Things didn’t look very good for the Red Sox machine three days ago. They’d been embarrassed by Terry Francona‘s running Cleveland Indians 12-3 and Boston had just sent third baseman Will Middlebrooks (back spasms) and Shane Victorino (hamstring) to the 15-day disabled list.
Pedro Ciriaco, Jose Iglesias and Alfredo Aceves were hastily called up from Pawtucket to fill the void. The machine coughed and sputtered briefly and then meshed gears as John Farrell patched together a lineup over the weekend that included Mike Carp and Jonny Gomes platooning in left field while Daniel Nava slid into Victorino’s spot in right field. Iglesias played third base for the first time ever in his major league career and Ciriaco played some third while Iggy moved back to short stop to give Stephen Drew a rest. Aceves will take the mound today in a starting role to spell Clay Buchholz who was scratched from the first game against the Phillies with collabone and AC joint irritation.

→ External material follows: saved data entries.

lemma tilde_aux_plug_liftc:
  "hat R F0 F1 \<Longrightarrow> is_env R \<Longrightarrow> tilde_aux R a b \<Longrightarrow>
   tilde_aux R (plug (liftc k F0) a) (plug (liftc k F1) b)"
  by (induction rule: hat.induct) (auto intro: tilde_aux.intros tilde_aux_lift simp: tilde_def)

lemma hat_split_CReset:
  "hat R G0 G1 \<Longrightarrow> \<not> pctx G0 \<Longrightarrow> \<exists>O0 O1 I0 I1. G0 = ctx_comp O0 (CReset I0) \<and>
     G1 = ctx_comp O1 (CReset I1) \<and> hat R O0 O1 \<and> hat R I0 I1 \<and> pctx I0 \<and> pctx I1"
proof (induction rule: hat.induct)
  case (appr F0 F1 v0 v1)
  then show ?case by (metis ctx_comp.simps(3) hat.appr pctx.simps(3))
next
  case (appl F0 F1 t0 t1)
  then show ?case by (metis ctx_comp.simps(2) hat.appl pctx.simps(2))
next
  case (rst F0 F1)
  show ?case
  proof (cases "pctx F0")
    case True
    with rst show ?thesis using hat_pctx_iff
      by (metis ctx_comp.simps(1) hat.hole)
  next
    case False
    with rst show ?thesis by (metis ctx_comp.simps(4) hat.rst)
  qed
qed simp

lemma tilde_aux_plug_inv:
  assumes "tilde_aux R (plug F0 r) u1" and "is_env R" and "ectx F0"
    and "closed (plug F0 r)" and "closed u1"
  shows "\<exists>F1 r1. u1 = plug F1 r1 \<and> hat R F0 F1 \<and> tilde_aux R r r1"
  using assms
proof (induction F0 arbitrary: u1)
  case Hole
  then show ?case by (intro exI[of _ Hole] exI[of _ u1]) (auto intro: hat.hole)
next
  case (CAppL F u)
  then obtain a b where u1: "u1 = App a b" "tilde_aux R (plug F r) a" "tilde_aux R u b"
    by (auto dest: tilde_aux_App_inv)
  moreover from CAppL.prems u1 have "closed (plug F r)" "closed a" "closed u" "closed b"
    by (auto simp: closed_def)
  moreover have "ectx F" using CAppL.prems by simp
  ultimately obtain F1 r1 where "a = plug F1 r1" "hat R F F1" "tilde_aux R r r1"
    using CAppL.IH[of a] CAppL.prems(2) by blast
  with u1 \<open>closed u\<close> \<open>closed b\<close> show ?case
    by (intro exI[of _ "CAppL F1 b"] exI[of _ r1]) (auto intro: hat.appl simp: tilde_def)
next
  case (CAppR v F)
  then obtain a b where u1: "u1 = App a b" "tilde_aux R v a" "tilde_aux R (plug F r) b"
    by (auto dest: tilde_aux_App_inv)
  moreover from CAppR.prems u1 have "closed (plug F r)" "closed b" "closed v" "closed a" "is_val a"
    by (auto simp: closed_def dest: tilde_aux_is_val)
  moreover have "ectx F" using CAppR.prems by simp
  ultimately obtain F1 r1 where "b = plug F1 r1" "hat R F F1" "tilde_aux R r r1"
    using CAppR.IH[of b] CAppR.prems(2) by blast
  with u1 \<open>closed v\<close> \<open>closed a\<close> \<open>is_val a\<close> CAppR.prems show ?case
    by (intro exI[of _ "CAppR a F1"] exI[of _ r1]) (auto intro: hat.appr simp: tilde_def)
next
  case (CReset F)
  then obtain a where u1: "u1 = Reset a" "tilde_aux R (plug F r) a"
    by (auto dest: tilde_aux_Reset_inv)
  moreover from CReset.prems u1 have "closed (plug F r)" "closed a" "ectx F"
    by (auto simp: closed_def)
  ultimately obtain F1 r1 where "a = plug F1 r1" "hat R F F1" "tilde_aux R r r1"
    using CReset.IH[of a] CReset.prems(2) by blast
  with u1 show ?case by (intro exI[of _ "CReset F1"] exI[of _ r1]) (auto intro: hat.rst)
qed

text \<open>The exceptional case is the one covered by the lambda clause of a bisimulation.\<close>

lemma tilde_aux_contracts:
  assumes rel: "tilde_aux R x x1" and "contracts x y" and env: "is_env R"
    and "closed x" and "closed x1"
  shows "(\<exists>t v t' v1. x = App (Lam t) v \<and> y = subst 0 v t \<and> x1 = App (Lam t') v1 \<and>
            (Lam t, Lam t') \<in> R \<and> tilde_aux R v v1 \<and> is_val v \<and> is_val v1)
         \<or> (\<exists>y1. contracts x1 y1 \<and> tilde_aux R y y1)"
  using assms(2)
proof cases
  case (beta v t)
  then obtain a v1 where x1: "x1 = App a v1" "tilde_aux R (Lam t) a" "tilde_aux R v v1"
    using rel env by (auto dest: tilde_aux_App_inv)
  have "is_val v1" using tilde_aux_is_val[OF x1(3) env] beta by simp
  from tilde_aux_Lam_inv[OF x1(2)] show ?thesis
  proof
    assume "(Lam t, a) \<in> R"
    moreover from this obtain t' where "a = Lam t'"
      using env by (cases a) (auto simp: is_env_def)
    ultimately show ?thesis using beta x1 \<open>is_val v1\<close> by blast
  next
    assume "\<exists>t'. a = Lam t' \<and> tilde_aux R t t'"
    then obtain t' where "a = Lam t'" "tilde_aux R t t'" by blast
    then have "contracts x1 (subst 0 v1 t')" "tilde_aux R y (subst 0 v1 t')"
      using beta x1 \<open>is_val v1\<close> env by (auto intro: contracts.beta tilde_aux_subst)
    then show ?thesis by blast
  qed
next
  case (shift E t)
  then obtain z where z: "x1 = Reset z" "tilde_aux R (plug E (Shift t)) z"
    using rel env by (auto dest: tilde_aux_Reset_inv)
  with assms(4,5) shift obtain E1 s where E1: "z = plug E1 s" "hat R E E1" "tilde_aux R (Shift t) s"
    using tilde_aux_plug_inv[OF z(2) env pctx_imp_ectx] by (fastforce simp: closed_def)
  then obtain t' where t': "s = Shift t'" "tilde_aux R t t'"
    using env by (auto dest: tilde_aux_Shift_inv)
  have "pctx E1" using hat_pctx_iff[OF E1(2)] shift by simp
  have "tilde_aux R (Lam (Reset (plug (liftc 0 E) (Var 0)))) (Lam (Reset (plug (liftc 0 E1) (Var 0))))"
    by (intro tilde_aux.lam tilde_aux.rst tilde_aux_plug_liftc[OF E1(2) env] tilde_aux.var)
  then have "tilde_aux R y (Reset (subst 0 (Lam (Reset (plug (liftc 0 E1) (Var 0)))) t'))"
    using shift t' env by (auto intro: tilde_aux.rst tilde_aux_subst)
  moreover have "contracts x1 (Reset (subst 0 (Lam (Reset (plug (liftc 0 E1) (Var 0)))) t'))"
    using contracts.shift[OF \<open>pctx E1\<close>] z E1 t' by simp
  ultimately show ?thesis by blast
next
  case reset
  with rel env obtain v1 where "x1 = Reset v1" "tilde_aux R y v1"
    by (auto dest: tilde_aux_Reset_inv)
  with reset env show ?thesis by (auto intro: contracts.reset dest: tilde_aux_is_val)
qed

section \<open>Bisimulation up to context\<close>

definition ctx_clause :: "envrel \<Rightarrow> bool" where
  "ctx_clause X \<longleftrightarrow> (\<forall>E t0 t1. (E, t0, t1) \<in> snd X \<and> \<not> (is_prog t0 \<and> is_prog t1) \<longrightarrow>
     (\<forall>E0 E1. pctx E0 \<and> pctx E1 \<and> hat E E0 E1 \<longrightarrow>
        (E, Reset (plug E0 t0), Reset (plug E1 t1)) \<in> snd X))"

definition sim_clause :: "envrel \<Rightarrow> bool" where
  "sim_clause X \<longleftrightarrow> (\<forall>E p0 p1. (E, p0, p1) \<in> snd X \<and> is_prog p0 \<and> is_prog p1 \<longrightarrow>
     (\<forall>p0'. step p0 p0' \<and> is_prog p0' \<longrightarrow>
        (\<exists>p1'. steps p1 p1' \<and> is_prog p1' \<and> (E, p0', p1') \<in> snd X)) \<and>
     (\<forall>v0. step p0 v0 \<and> is_val v0 \<longrightarrow>
        (\<exists>v1. steps p1 v1 \<and> is_val v1 \<and> {(v0, v1)} \<union> E \<in> fst X)))"

definition rev_sim_clause :: "envrel \<Rightarrow> bool" where
  "rev_sim_clause X \<longleftrightarrow> (\<forall>E p0 p1. (E, p0, p1) \<in> snd X \<and> is_prog p0 \<and> is_prog p1 \<longrightarrow>
     (\<forall>p1'. step p1 p1' \<and> is_prog p1' \<longrightarrow>
        (\<exists>p0'. steps p0 p0' \<and> is_prog p0' \<and> (E, p0', p1') \<in> snd X)) \<and>
     (\<forall>v1. step p1 v1 \<and> is_val v1 \<longrightarrow>
        (\<exists>v0. steps p0 v0 \<and> is_val v0 \<and> {(v0, v1)} \<union> E \<in> fst X)))"

definition lam_clause :: "envrel \<Rightarrow> bool" where
  "lam_clause X \<longleftrightarrow> (\<forall>E \<in> fst X. \<forall>t0 t1 v0 v1. (Lam t0, Lam t1) \<in> E \<and> (v0, v1) \<in> tilde E
     \<and> is_val v0 \<and> is_val v1 \<longrightarrow> (E, subst 0 v0 t0, subst 0 v1 t1) \<in> snd X)"

definition half_bisim :: "envrel \<Rightarrow> bool" where
  "half_bisim X \<longleftrightarrow> envrel_wf X \<and> ctx_clause X \<and> sim_clause X \<and> lam_clause X"

definition envrel_converse :: "envrel \<Rightarrow> envrel" where
  "envrel_converse X = (converse ` fst X, (\<lambda>(E, a, b). (E\<inverse>, b, a)) ` snd X)"

lemma mem_fst_envrel_converse [simp]: "E \<in> fst (envrel_converse X) \<longleftrightarrow> E\<inverse> \<in> fst X"
  unfolding envrel_converse_def by (auto intro: image_eqI[of _ _ "E\<inverse>"])

lemma mem_snd_envrel_converse [simp]: "(E, a, b) \<in> snd (envrel_converse X) \<longleftrightarrow> (E\<inverse>, b, a) \<in> snd X"
  unfolding envrel_converse_def by (auto intro: image_eqI[of _ _ "(E\<inverse>, b, a)"])

lemma envrel_converse_converse [simp]: "envrel_converse (envrel_converse X) = X"
  by (auto simp: prod_eq_iff)

lemma converse_insert_pair [simp]: "(insert (a, b) R)\<inverse> = insert (b, a) (R\<inverse>)"
  by auto

lemma envrel_wf_converse: "envrel_wf X \<Longrightarrow> envrel_wf (envrel_converse X)"
  unfolding envrel_wf_def by (auto simp: envrel_converse_def)

lemma ctx_clause_converse: "ctx_clause X \<Longrightarrow> ctx_clause (envrel_converse X)"
  unfolding ctx_clause_def by (metis hat_converse mem_snd_envrel_converse)

lemma lam_clause_converse: "lam_clause X \<Longrightarrow> lam_clause (envrel_converse X)"
  unfolding lam_clause_def by auto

Through the injury ups and downs, Boston put together a three-game win streak that has contributed to a 7-3 mark over the past 10 games, pulling them even with the Yankees in a tie for a first place in the AL East.

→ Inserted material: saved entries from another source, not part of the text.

(* Let $s\ge1$, $M=(p^s-1)/2$, $1\le l\le g$ and $\delta_l=(2g+1)M-lp^s$. Then, as rational functions of $z$, $$(-1)^{\delta_l}\,(z_{n-2l}-z_n)^l\;\tilde I^{[lp^s-1]}_{p^s}(z)=x_1^{M}\,Q^{l,s}(x_2,\dots,x_{n-1}),$$ where $x_1,\dots,x_{n-1}$ are the rational functions of $z$ defined below. Moreover, the constant term of $Q^{l,s}$ equals $\binom{M}{l}\big(0,\dots,0,\tfrac{l}{M},1,\dots,1\big)$, with $0$ repeated $2g-2l$ times, $l/M$ in position $2g-2l+1$, and $1$ repeated $2l$ times.
   Context: Let $p$ be an odd prime, $g\ge1$, $n=2g+1$, with $p>n$; $z=(z_1,\dots,z_n)$. Put $M=(p^s-1)/2$, $\Phi_{p^s}(x,z)=\prod_{i=1}^n(x-z_i)^{M}$; substitute $x=v+z_n$ and expand $\Big(\frac{\Phi_{p^s}(v+z_n,z)}{v+z_n-z_1},\dots,\frac{\Phi_{p^s}(v+z_n,z)}{v+z_n-z_{n-1}},\frac{\Phi_{p^s}(v+z_n,z)}{v}\Big)=\sum_i\tilde P^i_{p^s}(z)v^i$ with $\tilde P^i_{p^s}(z)\in\mathbb Z[z]^n$; set $\tilde I^{[lp^s-1]}_{p^s}(z)=\tilde P^{lp^s-1}_{p^s}(z)$. Fix $1\le l\le g$. Define $x_1=\prod_{i=1}^{n-2l}(z_i-z_n)$; $x_i=\frac{z_{n-2l}-z_n}{z_{i-1}-z_n}$ for $2\le i\le n-2l$; $x_i=\frac{z_i-z_n}{z_{n-2l}-z_n}$ for $n-2l+1\le i\le n-1$. Define the polynomial vector $Q^{l,s}=(Q^{l,s}_1,\dots,Q^{l,s}_n)$ in $x_2,\dots,x_{n-1}$ as follows. Write $X(a)=\prod_{i=2}^{n-2l}x_i^{a_{i-1}}\prod_{i=n-2l+1}^{n-1}x_i^{a_i}$ for $a=(a_1,\dots,a_{n-1})$; all sums below are over $a\in\mathbb Z^{n-1}$ with $0\le a_i\le M$. For $1\le j\le n-2l-1$: $Q^{l,s}_j=x_{j+1}\sum\binom{M-1}{a_j}\prod_{i\ne j}\binom{M}{a_i}X(a)$, summed over $a$ with $a_1+\dots+a_{n-2l}=a_{n-2l+1}+\dots+a_{n-1}+l-1$. For $j=n-2l$: $Q^{l,s}_j=\sum\binom{M-1}{a_j}\prod_{i\ne j}\binom{M}{a_i}X(a)$, same summation condition (with $l-1$). For $n-2l<j\le n-1$: $Q^{l,s}_j=\sum\binom{M-1}{a_j}\prod_{i\ne j}\binom{M}{a_i}X(a)$, summed over $a$ with $a_1+\dots+a_{n-2l}=a_{n-2l+1}+\dots+a_{n-1}+l$. $Q^{l,s}_n=\sum\prod_{i=1}^{n-1}\binom{M}{a_i}X(a)$, summed over $a$ with $a_1+\dots+a_{n-2l}=a_{n-2l+1}+\dots+a_{n-1}+l$. (Products $\prod_{i\ne j}$ are over $i\in\{1,\dots,n-1\}\setminus\{j\}$.) *)

theory Defs
  imports "HOL-Computational_Algebra.Polynomial" "HOL-Library.FuncSet"
begin

(* Parameters: p, s, g, l.  n = 2g+1, M = (p^s-1)/2.
   Vectors z = (z_1..z_n) are functions nat => real indexed by 1..n. *)

definition nn :: "nat \<Rightarrow> nat" where "nn g = 2*g+1"

definition MM :: "nat \<Rightarrow> nat \<Rightarrow> nat" where "MM p s = (p^s - 1) div 2"

(* Phi_{p^s}(v + z_n, z) as a polynomial in v *)
definition Phi_shift :: "nat \<Rightarrow> nat \<Rightarrow> nat \<Rightarrow> (nat \<Rightarrow> real) \<Rightarrow> real poly" where
  "Phi_shift p s g z = (\<Prod>i\<in>{1..nn g}. [:z (nn g) - z i, 1:] ^ MM p s)"

(* j-th component of tilde I^{[l p^s - 1]}_{p^s}(z): coefficient of v^(l p^s - 1) in
   Phi_{p^s}(v+z_n,z) / (v + z_n - z_j)  (for j = n the divisor is v) *)
definition Itilde :: "nat \<Rightarrow> nat \<Rightarrow> nat \<Rightarrow> nat \<Rightarrow> (nat \<Rightarrow> real) \<Rightarrow> nat \<Rightarrow> real" where
  "Itilde p s g l z j =
     coeff (Phi_shift p s g z div [:z (nn g) - z j, 1:]) (l * p^s - 1)"

definition x1 :: "nat \<Rightarrow> nat \<Rightarrow> (nat \<Rightarrow> real) \<Rightarrow> real" where
  "x1 g l z = (\<Prod>i\<in>{1..nn g - 2*l}. (z i - z (nn g)))"

definition xs :: "nat \<Rightarrow> nat \<Rightarrow> (nat \<Rightarrow> real) \<Rightarrow> nat \<Rightarrow> real" where
  "xs g l z i =
     (if 2 \<le> i \<and> i \<le> nn g - 2*l
      then (z (nn g - 2*l) - z (nn g)) / (z (i - 1) - z (nn g))
      else (z i - z (nn g)) / (z (nn g - 2*l) - z (nn g)))"

definition Xmon :: "nat \<Rightarrow> nat \<Rightarrow> (nat \<Rightarrow> nat) \<Rightarrow> (nat \<Rightarrow> real) \<Rightarrow> real" where
  "Xmon g l a x = (\<Prod>i\<in>{2..nn g - 2*l}. x i ^ a (i - 1)) *
                  (\<Prod>i\<in>{nn g - 2*l + 1..nn g - 1}. x i ^ a i)"

definition Aset :: "nat \<Rightarrow> nat \<Rightarrow> nat \<Rightarrow> (nat \<Rightarrow> nat) set" where
  "Aset p s g = PiE {1..nn g - 1} (\<lambda>_. {0..MM p s})"

definition sumcond :: "nat \<Rightarrow> nat \<Rightarrow> nat \<Rightarrow> (nat \<Rightarrow> nat) \<Rightarrow> bool" where
  "sumcond g l c a \<longleftrightarrow>
     (\<Sum>i\<in>{1..nn g - 2*l}. a i) = (\<Sum>i\<in>{nn g - 2*l + 1..nn g - 1}. a i) + c"

definition wt :: "nat \<Rightarrow> nat \<Rightarrow> nat \<Rightarrow> nat \<Rightarrow> (nat \<Rightarrow> nat) \<Rightarrow> real" where
  "wt p s g j a = real ((MM p s - 1) choose a j) *
                  (\<Prod>i\<in>{1..nn g - 1} - {j}. real (MM p s choose a i))"

definition wtn :: "nat \<Rightarrow> nat \<Rightarrow> nat \<Rightarrow> (nat \<Rightarrow> nat) \<Rightarrow> real" where
  "wtn p s g a = (\<Prod>i\<in>{1..nn g - 1}. real (MM p s choose a i))"

definition Q :: "nat \<Rightarrow> nat \<Rightarrow> nat \<Rightarrow> nat \<Rightarrow> nat \<Rightarrow> (nat \<Rightarrow> real) \<Rightarrow> real" where
  "Q p s g l j x =
    (if j \<le> nn g - 2*l - 1 then
       x (j + 1) * (\<Sum>a\<in>{a\<in>Aset p s g. sumcond g l (l - 1) a}. wt p s g j a * Xmon g l a x)
     else if j = nn g - 2*l then
       (\<Sum>a\<in>{a\<in>Aset p s g. sumcond g l (l - 1) a}. wt p s g j a * Xmon g l a x)
     else if j \<le> nn g - 1 then
       (\<Sum>a\<in>{a\<in>Aset p s g. sumcond g l l a}. wt p s g j a * Xmon g l a x)
     else
       (\<Sum>a\<in>{a\<in>Aset p s g. sumcond g l l a}. wtn p s g a * Xmon g l a x))"

definition cvec :: "nat \<Rightarrow> nat \<Rightarrow> nat \<Rightarrow> nat \<Rightarrow> nat \<Rightarrow> real" where
  "cvec p s g l j =
     (if j \<le> 2*g - 2*l then 0
      else if j = 2*g - 2*l + 1 then real l / real (MM p s)
      else 1)"

end

theory Submission
  imports Defs
begin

Middlebrooks has been progressing during his DL stint and expects to hit his June 8 timetable for return. ”It’s better today than it was yesterday,” Middlebrooks said after Boston’s 7-4 victory over Cleveland on Saturday. “If I’m already making steps forward, then that’s where I want to be.”
Victorino, since injuring his back three weeks ago, has spent time in and out of Boston’s lineup and eventually, as is sometime typical with a back injury, ended up on the DL with a leg injury. After run-ins with both Fenway’s right-field fence May 12 against the Blue Jays and the right-field wall in Tampa May 16, Victorino has proven he’s the gutty player Boston hoped he would be. He’s also proven that he’s human and can’t take that kind of regular abuse over the course of a season. In short, it appears Victorino’s off switch is broken as well, which can be both good and bad.
Victorino’s move to the DL appears designed to deliberately give him the time he needs to heal from both his back and leg injuries. ”I think it got to a point where each time he would start back up there would be some frustration — and understandably so,” manager John Farrell told MLB.com’s Jason Mastrodonato and Michael Periatt. “This is a guy who really wants to be on the field every day. I think it was best, peace of mind for him, and really to adjust the physical issues that he’s got.”